NEW DELHI, March 13, 2026 — India’s tyre industry has warned that escalating tensions in West Asia may disrupt exports and raise production costs, urging policy support to maintain global competitiveness.
In representations to the Ministry of Commerce and Industry and the Ministry of Petroleum and Natural Gas, ATMA cited shipping disruptions and rising crude prices as key risks to manufacturers.
Export incentive concerns
The industry has sought restoration of full benefits under the Scheme for Remission of Duties and Taxes on Exported Products (RoDTEP), after rates were reduced for several non-agricultural sectors in February.
ATMA Chairman Arun Mammen said higher freight costs and longer transit times have already affected margins on pre-negotiated contracts.
Fuel supply risks
ATMA has also requested that tyre manufacturing be treated as an essential sector under the Natural Gas (Supply Regulation) Order, 2026.
Currently, manufacturing units receive around 80% of typical gas supply, while priority sectors such as household PNG and transport CNG receive full allocation.
Industry representatives say interruptions in gas supply could affect production of key inputs including carbon black and synthetic rubber.
Market exposure and costs
India exports tyres worth roughly $250–260 million annually to West Asia, making the region a key market.
With petroleum derivatives accounting for about 60–70% of production costs, manufacturers remain sensitive to crude price volatility.

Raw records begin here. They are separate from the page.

lemma prod_flatten:
  "int (prod_list (map (\<lambda>v. nat (1 + \<bar>v\<bar>)) (flatten es js))) = prod_list (map ssize js)"
proof -
  have ssize_eq: "prod_list (map (\<lambda>n. 1 + \<bar>j $ n\<bar>) es) = ssize j" for j :: "int^'d"
    using prod.distinct_set_conv_list[OF es(1), of "\<lambda>n. 1 + \<bar>j $ n\<bar>"] es(2)
    by (simp add: ssize_def)
  have "int (prod_list (map (\<lambda>v. nat (1 + \<bar>v\<bar>)) (flatten es js)))
      = prod_list (map (\<lambda>v. 1 + \<bar>v\<bar>) (flatten es js))"
    by (rule int_prod_list_nat) simp
  also have "\<dots> = prod_list (map ssize js)"
    using ssize_eq by (induction js) (simp_all add: flatten_def o_def)
  finally show ?thesis .
qed

lemma inj_on_flatten: "inj_on (flatten es) {js. length js = p}"
proof -
  have "length a = length b \<Longrightarrow> flatten es a = flatten es b \<Longrightarrow> a = b" for a b
  proof (induction a arbitrary: b)
    case (Cons x a)
    then obtain y b' where b: "b = y # b'" by (cases b) auto
    have "map (vec_nth x) es = map (vec_nth y) es \<and> flatten es a = flatten es b'"
      using Cons.prems b by (simp add: flatten_def append_eq_append_conv)
    moreover have "x = y" if "map (vec_nth x) es = map (vec_nth y) es"
      using that es(2) by (simp add: vec_eq_iff map_eq_conv)
    ultimately show ?case using Cons.IH Cons.prems b by simp
  qed simp
  thus ?thesis by (auto simp: inj_on_def)
qed

end

definition ssize_tuples :: "nat \<Rightarrow> nat \<Rightarrow> (int^'d) list set" where
  "ssize_tuples p N = {js. length js = p \<and> prod_list (map ssize js) \<le> int N}"

lemma card_ssize_tuples:
  assumes "p \<ge> 1" "N \<ge> 1"
  shows "finite (ssize_tuples p N :: (int^'d) list set)"
    and "real (card (ssize_tuples p N :: (int^'d) list set))
      \<le> 2 ^ (CARD('d) * p) * real N * (1 + ln (real N)) ^ (CARD('d) * p - 1)"
proof -
  let ?d = "CARD('d)" and ?T = "weighted_tuples (\<lambda>v::int. nat (1 + \<bar>v\<bar>)) (CARD('d) * p) (real N)"
  obtain es :: "'d list" where es: "distinct es" "set es = UNIV"
    using finite_distinct_list[of "UNIV :: 'd set"] by auto
  have into: "flatten es ` ssize_tuples p N \<subseteq> ?T"
  proof
    fix zs assume "zs \<in> flatten es ` ssize_tuples p N"
    then obtain js where js: "length js = p" "prod_list (map ssize js) \<le> int N" "zs = flatten es js"
      by (auto simp: ssize_tuples_def)
    have "int (prod_list (map (\<lambda>v. nat (1 + \<bar>v\<bar>)) zs)) \<le> int N"
      using js prod_flatten[OF es] by simp
    thus "zs \<in> ?T" using js length_flatten[OF es] by (simp add: weighted_tuples_def)
  qed
  have inj: "inj_on (flatten es) (ssize_tuples p N)"
    by (rule inj_on_subset[OF inj_on_flatten[OF es, of p]]) (auto simp: ssize_tuples_def)
  have dp: "?d * p \<ge> 1" using assms(1) by (simp add: Suc_le_eq)
  have finT: "finite ?T" using card_int_tuples(1)[OF dp] assms by simp
  show fin: "finite (ssize_tuples p N :: (int^'d) list set)"
    using finite_imageD[OF finite_subset[OF into finT] inj] .
  have "card (ssize_tuples p N :: (int^'d) list set) \<le> card ?T"
    using card_inj_on_le[OF inj into finT] .
  thus "real (card (ssize_tuples p N :: (int^'d) list set))
      \<le> 2 ^ (?d * p) * real N * (1 + ln (real N)) ^ (?d * p - 1)"
    using card_int_tuples(2)[OF dp, of "real N"] assms by simp
qed

section \<open>Configurations with bounded momentum\<close>

text \<open>Given js, the momentum constraint leaves at most (2q+1)^d choices for l.\<close>
lemma card_configurations:
  fixes S :: "((int^'d) \<times> (int^'d) list) set"
  assumes "finite J" "real (card J) \<le> b"
    and "\<And>l js. (l, js) \<in> S \<Longrightarrow> js \<in> J \<and> l - sum_list js \<in> cube q"
  shows "finite S \<and> real (card S) \<le> real ((2*q+1) ^ CARD('d)) * b"
proof -
  let ?f = "\<lambda>(js, m). (sum_list js + m, js)"
  have sub: "S \<subseteq> ?f ` (J \<times> cube q)"
  proof
    fix z assume z: "z \<in> S"
    obtain l js where lz: "z = (l, js)" by (cases z)
    have "(js, l - sum_list js) \<in> J \<times> cube q" using assms(3) z lz by auto
    thus "z \<in> ?f ` (J \<times> cube q)" using lz by force
  qed
  have fin: "finite (J \<times> (cube q :: (int^'d) set))" using assms(1) finite_cube by blast
  have "card S \<le> card (?f ` (J \<times> cube q))" using sub fin by (intro card_mono) auto
  also have "\<dots> \<le> card (J \<times> (cube q :: (int^'d) set))" by (rule card_image_le[OF fin])
  also have "\<dots> = card J * (2*q+1) ^ CARD('d)" by (simp add: card_cartesian_product card_cube)
  finally have "real (card S) \<le> real (card J) * real ((2*q+1) ^ CARD('d))"
    by (metis of_nat_le_iff of_nat_mult)
  also have "\<dots> \<le> real ((2*q+1) ^ CARD('d)) * b" using assms(2) by (simp add: mult.commute)
  finally show ?thesis using sub fin finite_subset by blast
qed

lemma card_lnorm_configurations:
  fixes S :: "((int^'d) \<times> (int^'d) list) set"
  assumes "p \<ge> 1" "N \<ge> 2"
    and "\<And>l js. (l, js) \<in> S \<Longrightarrow> js \<in> lnorm_tuples p N \<and> l - sum_list js \<in> cube q"
  shows "finite S \<and> real (card S) \<le> real ((2*q+1) ^ CARD('d)) * (2 * real CARD('d) * 3 ^ CARD('d)) ^ p
      * 3 ^ (p - 1) * real N ^ CARD('d) * ln (real N) ^ (p - 1)"
proof -
  have "real (card (lnorm_tuples p N :: (int^'d) list set))
      \<le> (2 * real CARD('d) * 3 ^ CARD('d)) ^ p * real N ^ CARD('d) * 3 ^ (p - 1) * ln (real N) ^ (p - 1)"
    using assms by (intro one_plus_ln_bound card_lnorm_tuples(2)) auto
  from card_configurations[OF card_lnorm_tuples(1) this assms(3)] assms(1,2)
  show ?thesis by (simp add: mult_ac)
qed

lemma card_ssize_configurations:
  fixes S :: "((int^'d) \<times> (int^'d) list) set"
  assumes "p \<ge> 1" "N \<ge> 2"
    and "\<And>l js. (l, js) \<in> S \<Longrightarrow> js \<in> ssize_tuples p N \<and> l - sum_list js \<in> cube q"
  shows "finite S \<and> real (card S) \<le> real ((2*q+1) ^ CARD('d)) * 2 ^ (CARD('d) * p)
      * 3 ^ (CARD('d) * p - 1) * real N * ln (real N) ^ (CARD('d) * p - 1)"
proof -
  have "real (card (ssize_tuples p N :: (int^'d) list set))
      \<le> 2 ^ (CARD('d) * p) * real N * 3 ^ (CARD('d) * p - 1) * ln (real N) ^ (CARD('d) * p - 1)"
    using assms by (intro one_plus_ln_bound card_ssize_tuples(2)) auto
  from card_configurations[OF card_ssize_tuples(1) this assms(3)] assms(1,2)
  show ?thesis by (simp add: mult_ac)
qed

text \<open>The constant is the larger of the constants of the two parts; both depend only
  on d, p and q.\<close>
theorem lemma4p2:
  fixes p q :: nat
  assumes "p \<ge> 1"
  shows "\<exists>C::real. \<forall>(a :: int ^ 'd \<Rightarrow> (int ^ 'd) list \<Rightarrow> complex) (M::enat) (N::nat).
    (\<forall>l js. length js = p \<longrightarrow> (\<exists>n. \<bar>momentum l js $ n\<bar> > int q) \<longrightarrow> a l js = 0) \<longrightarrow>
    N \<ge> 2 \<longrightarrow>
    (let S1 = {(l, js). length js = p \<and> l \<in> KM M \<and> (\<forall>j\<in>set js. j \<in> KM M) \<and>
                 prod_list (map lnorm js) \<le> int N \<and> a l js \<noteq> 0};
         S2 = {(l, js). length js = p \<and> l \<in> KMstar M \<and> (\<forall>j\<in>set js. j \<in> KMstar M) \<and>
                 prod_list (map ssize js) \<le> int N \<and> a l js \<noteq> 0}
     in finite S1 \<and> real (card S1) \<le> C * real N ^ CARD('d) * ln (real N) ^ (p - 1) \<and>
        finite S2 \<and> real (card S2) \<le> C * real N * ln (real N) ^ (CARD('d) * p - 1))"
proof -
  let ?d = "CARD('d)" and ?Q = "real ((2*q+1) ^ CARD('d))"
  define C1 where "C1 = ?Q * (2 * real ?d * 3 ^ ?d) ^ p * 3 ^ (p - 1)"
  define C2 where "C2 = ?Q * 2 ^ (?d * p) * 3 ^ (?d * p - 1)"
  let ?vanishing = "\<lambda>a :: int ^ 'd \<Rightarrow> (int ^ 'd) list \<Rightarrow> complex.
    \<forall>l js. length js = p \<longrightarrow> (\<exists>n. \<bar>momentum l js $ n\<bar> > int q) \<longrightarrow> a l js = 0"
  have momentum_in_cube: "l - sum_list js \<in> cube q"
    if "?vanishing a" "length js = p" "a l js \<noteq> 0" for a l js
    using that by (force simp: cube_def momentum_def not_less)
  have part_i: "finite S \<and> real (card S) \<le> max C1 C2 * real N ^ ?d * ln (real N) ^ (p - 1)"
    if "?vanishing a" "N \<ge> 2" and S: "S = {(l, js). length js = p \<and> l \<in> KM M \<and>
         (\<forall>j\<in>set js. j \<in> KM M) \<and> prod_list (map lnorm js) \<le> int N \<and> a l js \<noteq> 0}" for a M N S
  proof -
    have "C1 * (real N ^ ?d * ln (real N) ^ (p - 1)) \<le> max C1 C2 * (real N ^ ?d * ln (real N) ^ (p - 1))"
      using that by (intro mult_right_mono) auto
    thus ?thesis using card_lnorm_configurations[OF assms that(2), of S q] momentum_in_cube[OF that(1)]
      by (auto simp: S lnorm_tuples_def C1_def mult.assoc)
  qed
  have part_ii: "finite S \<and> real (card S) \<le> max C1 C2 * real N * ln (real N) ^ (?d * p - 1)"
    if "?vanishing a" "N \<ge> 2" and S: "S = {(l, js). length js = p \<and> l \<in> KMstar M \<and>
         (\<forall>j\<in>set js. j \<in> KMstar M) \<and> prod_list (map ssize js) \<le> int N \<and> a l js \<noteq> 0}" for a M N S
  proof -
    have "C2 * (real N * ln (real N) ^ (?d * p - 1)) \<le> max C1 C2 * (real N * ln (real N) ^ (?d * p - 1))"
      using that by (intro mult_right_mono) auto
    thus ?thesis using card_ssize_configurations[OF assms that(2), of S q] momentum_in_cube[OF that(1)]
      by (auto simp: S ssize_tuples_def C2_def mult.assoc)
  qed
  show ?thesis unfolding Let_def using part_i[OF _ _ refl] part_ii[OF _ _ refl] by blast
qed

end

Key inputs such as synthetic rubber, processing oils and nylon tyre cord fabrics have seen price increases in recent weeks.
Why this matters
• Export outlook: Supply disruptions could affect delivery schedules.
• Cost pressures: Raw material volatility may squeeze margins.

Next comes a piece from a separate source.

(* Let $n\geq 3$ and let $L^B$ be a blow-up of the Boolean lattice $L\cong \mathbf{2}^n$. Then \[ \operatorname{sdim}_M\bigl(G^c(L^B)\bigr)=|Z^*(L^B)|-2^{n-1}+1 . \]
   Context: Blow-up: let $L\cong\mathbf{2}^n$ be the Boolean lattice (subsets of $\{1,\dots,n\}$). The blow-up $L^B$ is the lattice obtained by keeping $0$ and $1$ and replacing every element $x\in L\setminus\{0,1\}$ by a finite nonempty chain $C_x$ (of arbitrary finite length, chosen independently for each $x$), ordered as follows: within $C_x$ the chain order; for $a\in C_x$, $b\in C_y$ with $x\neq y$, $a\leq b$ iff $x\leq y$ in $L$; $0$ is below and $1$ above everything. For a bounded lattice $M$ with $0$, $Z^*(M)=\{a\in M\setminus\{0\}:\ a\wedge b=0 \text{ for some } b\neq 0\}$. The graph $G^c(M)$ (complement of the zero-divisor graph) has vertex set $Z^*(M)$, two distinct vertices $a,b$ being adjacent iff $a\wedge b\neq 0$. For a connected graph $G$, a vertex $w$ strongly resolves $u,v$ if some shortest $u$–$w$ path contains $v$ or some shortest $v$–$w$ path contains $u$; a set $W$ of vertices is a strong resolving set if every pair of distinct vertices is strongly resolved by some vertex of $W$; $\operatorname{sdim}_M(G)$ is the minimum cardinality of a strong resolving set. *)

theory Defs
  imports Main
begin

• Policy impact: Incentives and fuel allocation remain central concerns.
FAQs
Q1. Why is the tyre industry seeking essential status?
To secure uninterrupted gas supply for production during shortages.
Q2. What changed in export incentives?
RoDTEP benefits were reduced earlier this year for some sectors.
Q3. Why does crude oil matter for tyres?
Petroleum derivatives form a major share of tyre production costs.
Q4. Which routes face disruption?
Shipping challenges around West Asia have increased transit times and freight costs.
Q5. How important is West Asia as a market?
The region accounts for a significant share of India’s tyre exports annually.